The Thirty Meter Telescope debate reflects a misinformed view that science is just another religion.
Science is fundamentally different from religion in that it has no fixed dogmas, and does not use supernatural explanations to explain the physical universe.
By careful observations and experiments, incorrect explanations are discarded and correct ones developed. An example of the working of the scientific process is the development of the Global Positioning System (GPS).
Since there have been humans, we have looked up at the sky and wondered about the workings of the universe. Eventually, our ancestors learned enough celestial navigation to cross continents and oceans. While the stars provided reliable guides, some objects, the planets — from the Greek word for “wanderers” — moved in ways unlike the others.
Philosophers and religious figures posed many guesses as to explain planetary motions, but none fit all of the observed evidence. Some explanations, such as the idea that all celestial objects orbited the Earth, became tenets of religious dogma. Any inconvenient facts were ignored, and the heretics who dared publicize the discrepancies were persecuted or even murdered: Nicolas Copernicus (1473-1543) was persecuted but survived, while Giordano Bruno (1548-1600) was burned at the stake.
The observations by
Copernicus and other
astronomers finally and incontestably established that the Earth and other planets orbit the sun, yet the underlying physical principles explaining how they move remained elusive, until Isaac Newton’s laws of motion and theory of gravitation. Astronomical observations confirmed that the moon and planets followed Newton’s mathematics, and the questions of how our solar system works seemed settled.
In science, however, we do not rest; we constantly re-test our understanding. With better telescopes, the planet Mercury was found to not quite obey Newton’s equations. By the mid-1800s, it was clear that the perturbations in Mercury’s orbit were definitely present, and more-precise observations only confirmed its oddity, and the need to correct Newton’s model.
That better model is Albert Einstein’s theory of general relativity. The distortions of space and time in the vicinity of the mass of the sun perturbed Mercury’s orbit in exactly the way Einstein predicted. In the century since, every observation so far has confirmed Einstein’s discovery.

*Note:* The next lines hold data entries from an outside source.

lemma chordal_edges_fill_in:
  assumes sg: "simple_graph G" and vo: "vertex_order G \<sigma>" and "x \<noteq> y"
    and xz: "{x, z} \<in> chordal_edges G \<sigma>" and zy: "{z, y} \<in> chordal_edges G \<sigma>"
    and zx_rank: "rank G \<sigma> z < rank G \<sigma> x" and zy_rank: "rank G \<sigma> z < rank G \<sigma> y"
  shows "{x, y} \<in> chordal_edges G \<sigma>"
proof -
  define k where "k = rank G \<sigma> z"
  have xz_V: "x \<in> fst G" "z \<in> fst G" using chordal_edgeD[OF sg xz] by auto
  have k: "k \<in> {1..card (fst G)}" "\<sigma> k = z"
    using rank_range[OF vo xz_V(2)] sigma_rank[OF vo xz_V(2)] by (auto simp: k_def)
  have "k < card (fst G)"
    using rank_range[OF vo xz_V(1)] zx_rank by (simp add: k_def)
  have "{z, x} \<in> chordal_edges G \<sigma>" using xz by (simp add: insert_commute)
  then have "{z, x} \<in> snd (core G \<sigma> (k - 1))" "{z, y} \<in> snd (core G \<sigma> (k - 1))"
    using chordal_edge_in_core_before_contraction[OF sg vo] zy zx_rank zy_rank
    by (simp_all add: k_def)
  moreover have "core G \<sigma> k = contract (core G \<sigma> (k - 1)) z"
    using k core.simps(2)[of G \<sigma> "k - 1"] by simp
  ultimately have "{x, y} \<in> snd (core G \<sigma> k)"
    using \<open>x \<noteq> y\<close> unfolding contract_def by auto
  then show ?thesis using \<open>k < card (fst G)\<close> unfolding chordal_edges_def by blast
qed

lemma path_edges_Cons_Cons: "path_edges (x # y # p) = {x, y} # path_edges (y # p)"
  by (simp add: path_edges_def)

lemma path_edges_append:
  "path_edges (xs @ y # ys) = path_edges (xs @ [y]) @ path_edges (y # ys)"
proof (induction xs)
  case (Cons a xs)
  then show ?case by (cases xs) (auto simp: path_edges_def)
qed (simp add: path_edges_def)

lemma path_edges_valley:
  "path_edges (xs @ x # z # y # ys) = path_edges (xs @ [x]) @ {x, z} # {z, y} # path_edges (y # ys)"
  using path_edges_append[of xs x "z # y # ys"] by (simp add: path_edges_Cons_Cons)

lemma set_subset_path_edges: "set p \<subseteq> insert (hd p) (\<Union> (set (path_edges p)))"
proof (induction p rule: induct_list012)
  case (3 x y p)
  then show ?case by (auto simp: path_edges_Cons_Cons)
qed simp_all

lemma path_edge_doubleton: "e \<in> set (path_edges p) \<Longrightarrow> \<exists>a b. e = {a, b}"
  by (auto simp: path_edges_def)

lemma chordal_path_vertices:
  assumes "simple_graph G" "s \<in> fst G" "is_path (chordal_edges G \<sigma>) p s t"
  shows "set p \<subseteq> fst G"
proof -
  have "e \<subseteq> fst G" if "e \<in> set (path_edges p)" for e
    using that path_edge_doubleton[OF that] chordal_edgeD[OF assms(1)] assms(3)
    unfolding is_path_def by blast
  then show ?thesis
    using set_subset_path_edges[of p] assms(2,3) unfolding is_path_def by blast
qed

lemma finite_chordal_paths:
  assumes "simple_graph G" "s \<in> fst G"
  shows "finite {p. is_path (chordal_edges G \<sigma>) p s t}"
proof (rule finite_subset)
  show "{p. is_path (chordal_edges G \<sigma>) p s t} \<subseteq> {p. set p \<subseteq> fst G \<and> distinct p}"
    using chordal_path_vertices[OF assms] by (auto simp: is_path_def)
  show "finite {p. set p \<subseteq> fst G \<and> distinct p}"
    using assms(1) by (simp add: simple_graph_def finite_subset_distinct)
qed

definition has_valley :: "('a \<Rightarrow> nat) \<Rightarrow> 'a list \<Rightarrow> bool" where
  "has_valley r p \<longleftrightarrow> (\<exists>xs x z y ys. p = xs @ x # z # y # ys \<and> r z < r x \<and> r z < r y)"
lemma H1_adjacent: "2*k \<le> Suc n \<Longrightarrow> H1_lo k (Suc n) \<le> Suc (H1_hi k n)"
proof -
  assume "2*k \<le> Suc n"
  then have "k \<le> Suc n div 2"
    using div_le_mono[of "2*k" "Suc n" 2] by simp
  with \<open>2*k \<le> Suc n\<close> show ?thesis
    by (simp add: H1_lo_def H1_hi_def)
qed

lemma H1_hi_minus_lo: "1 \<le> k \<Longrightarrow> H1_hi k n - H1_lo k n = n + n div 2"
  by (simp add: H1_lo_def H1_hi_def div2_le_mult_3k)

lemma H1_first_index:
  assumes "1 \<le> k"
  shows "H1.first_index k (2*i) = 3*(i*i)" and "H1.first_index k (Suc (2*i)) = 3*(i*i) + 3*i + 1"
proof -
  show even_index: "H1.first_index k (2*i) = 3*(i*i)" for i
  proof (induction i)
    case (Suc i)
    have "2 * Suc i = Suc (Suc (2*i))" by simp
    then show ?case
      using Suc by (simp add: H1_hi_minus_lo[OF assms] algebra_simps)
  qed simp
  show "H1.first_index k (Suc (2*i)) = 3*(i*i) + 3*i + 1"
    by (simp add: even_index H1_hi_minus_lo[OF assms])
qed

lemma set_less_atLeastAtMost:
  fixes a b c d :: nat
  shows "a \<le> b \<Longrightarrow> c \<le> d \<Longrightarrow> b < c \<Longrightarrow> set_less {a..b} {c..d}"
  by (auto simp: set_less_def)

lemma H1_intervals_ordered:
  assumes "i < k"
  shows "set_less (A_int i k) (B_int i k)" and "set_less (B_int i k) (A_int (Suc i) k)"
proof -
  have "2 * Suc i = Suc (Suc (2*i))"
    by simp
  then show "set_less (A_int i k) (B_int i k)" "set_less (B_int i k) (A_int (Suc i) k)"
    unfolding A_int_eq B_int_eq
    by (intro set_less_atLeastAtMost H1.lo_le_hi H1_separated, use assms in simp)+
qed

lemma H1_interval_add:
  assumes "x \<in> {H1_lo k m..H1_hi k m}" "y \<in> {H1_lo k n..H1_hi k n}"
  shows "x + y \<in> {H1_lo k (m + n)..H1_hi k (m + n)}"
proof -
  have "m div 2 + n div 2 \<le> (m + n) div 2"
    using div_add1_eq[of m n 2] by linarith
  then have "H1_lo k (m + n) \<le> H1_lo k m + H1_lo k n"
    unfolding H1_lo_def add_mult_distrib by arith
  moreover have "H1_hi k (m + n) = H1_hi k m + H1_hi k n"
    by (simp add: H1_hi_def add_mult_distrib)
  ultimately show ?thesis
    using assms by simp
qed

lemma H1_submonoid: "submonoid_nat (H1 k)"
  unfolding submonoid_nat_def H1_eq_chain_union H1.chain_union_def
proof (intro conjI ballI)
  have "0 \<in> {H1_lo k 0..H1_hi k 0}"
    by (simp add: H1_lo_def H1_hi_def)
  then show "0 \<in> (\<Union>n. {H1_lo k n..H1_hi k n})"
    by blast
  fix x y
  assume "x \<in> (\<Union>n. {H1_lo k n..H1_hi k n})" "y \<in> (\<Union>n. {H1_lo k n..H1_hi k n})"
  then obtain m n where "x \<in> {H1_lo k m..H1_hi k m}" "y \<in> {H1_lo k n..H1_hi k n}"
    by blast
  then have "x + y \<in> {H1_lo k (m + n)..H1_hi k (m + n)}"
    by (rule H1_interval_add)
  then show "x + y \<in> (\<Union>n. {H1_lo k n..H1_hi k n})"
    by blast
qed

lemma generators_subset_H1: "{3*k, 3*k+1, 6*k-1} \<subseteq> H1 k"
proof -
  have "{3*k, 3*k+1} \<subseteq> {H1_lo k 1..H1_hi k 1}" "6*k-1 \<in> {H1_lo k 2..H1_hi k 2}"
    by (auto simp: H1_lo_def H1_hi_def)
  then show ?thesis
    using H1.interval_subset_chain_union unfolding H1_eq_chain_union by blast
qed

lemma submonoid_nat_add:
  "submonoid_nat M \<Longrightarrow> x \<in> M \<Longrightarrow> y \<in> M \<Longrightarrow> x + y \<in> M"
  by (simp add: submonoid_nat_def)

lemma submonoid_nat_add_intervals:
  fixes a b c d :: nat
  assumes M: "submonoid_nat M" and "a \<le> b" "c \<le> d" "{a..b} \<subseteq> M" "{c..d} \<subseteq> M"
  shows "{a + c..b + d} \<subseteq> M"
proof
  fix z
  assume z: "z \<in> {a + c..b + d}"
  have "\<exists>x\<in>{a..b}. \<exists>y\<in>{c..d}. z = x + y"
  proof (cases "z \<le> b + c")
    case True
    with z have "z - c \<in> {a..b}" "c \<in> {c..d}" "z = (z - c) + c"
      using assms by auto
    then show ?thesis by blast
  next
    case False
    with z have "b \<in> {a..b}" "z - b \<in> {c..d}" "z = b + (z - b)"
      using assms by auto
    then show ?thesis by blast
  qed
  then show "z \<in> M"
    using assms submonoid_nat_add[OF M] by blast
qed

lemma H1_interval_subset_submonoid:
  assumes k: "1 \<le> k" and M: "submonoid_nat M" and S: "{3*k, 3*k+1, 6*k-1} \<subseteq> M"
  shows "{H1_lo k n..H1_hi k n} \<subseteq> M"
proof (induction n rule: nat_induct2)
  case 0
  show ?case
    using M by (simp add: H1_lo_def H1_hi_def submonoid_nat_def)
next
  case 1
  have "{3*k..3*k+1} \<subseteq> M"
  proof
    fix x
    assume "x \<in> {3*k..3*k+1}"
    then have "x = 3*k \<or> x = 3*k + 1"
      by auto
    with S show "x \<in> M"
      by auto
  qed
  then show ?case
    by (simp add: H1_lo_def H1_hi_def)
next
  case (step n)
  have "{6*k-1..6*k+2} \<subseteq> M"
  proof
    fix x
    assume "x \<in> {6*k-1..6*k+2}"
    then have "x = 6*k-1 \<or> x = 3*k + 3*k \<or> x = 3*k + (3*k+1) \<or> x = (3*k+1) + (3*k+1)"
      using k by auto
    then show "x \<in> M"
      using S submonoid_nat_add[OF M, of "3*k" "3*k"] submonoid_nat_add[OF M, of "3*k" "3*k+1"]
        submonoid_nat_add[OF M, of "3*k+1" "3*k+1"]
      by (elim disjE) simp_all
  qed
  with step.IH have "{H1_lo k n + (6*k - 1)..H1_hi k n + (6*k + 2)} \<subseteq> M"
    by (intro submonoid_nat_add_intervals[OF M] H1.lo_le_hi) simp_all
  moreover have "H1_lo k (n + 2) = H1_lo k n + (6*k - 1)" "H1_hi k (n + 2) = H1_hi k n + (6*k + 2)"
    using k div2_le_mult_3k[OF k, of n] by (simp_all add: H1_lo_def H1_hi_def algebra_simps)
  ultimately show ?case
    by simp
qed

lemma gen_generators_eq_H1:
  assumes "1 \<le> k"
  shows "gen {3*k, 3*k+1, 6*k-1} = H1 k"
proof
  show "gen {3*k, 3*k+1, 6*k-1} \<subseteq> H1 k"
    unfolding gen_def using H1_submonoid generators_subset_H1 by blast
  show "H1 k \<subseteq> gen {3*k, 3*k+1, 6*k-1}"
    unfolding gen_def H1_eq_chain_union H1.chain_union_def
    using H1_interval_subset_submonoid[OF assms] by blast
qed

lemma atLeast_subset_H1: "1 \<le> k \<Longrightarrow> {H1_lo k (2*k - 1)..} \<subseteq> H1 k"
  unfolding H1_eq_chain_union by (rule H1.atLeast_subset_chain_union) (simp add: H1_adjacent)

lemma numerical_semigroup_H1:
  assumes "1 \<le> k"
  shows "numerical_semigroup (H1 k)"
proof -
  have "UNIV - H1 k \<subseteq> {..<H1_lo k (2*k - 1)}"
    using atLeast_subset_H1[OF assms] by (auto simp: not_less)
  then show ?thesis
    unfolding numerical_semigroup_def using H1_submonoid finite_subset by blast
qed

In the 1980s, scientists working on the Global Position System investigated
errors in satellite-based navigation. The errors were resolved by applying general relativity even for satellites traveling nearly 9,000 miles per hour at altitudes of 16,500 miles. Earth’s gravity causes space-time distortions that affect the accuracy of GPS timing and location, exactly as general relativity predicts.
The astronomers observing Mercury didn’t set out to invent GPS; they were trying to understand how our universe works. Likewise, Einstein was laboring to understand the principles that explain those workings.
In Einstein’s lifetime, some people rejected his work because of his Jewish heritage. Fortunately, the principles of nature apply regardless of the user’s religion, ethnicity or ideology. Now, almost every smart phone is GPS-enabled, and millions of motorists, hikers, sailors and pilots rely on GPS every day.
A century from now, people will benefit from today’s science and astronomy in ways we cannot yet imagine.
I am proud to make my own small contributions to science, and even prouder that Hawaii is home to some of the world’s greatest instruments to further our understanding of how the universe works.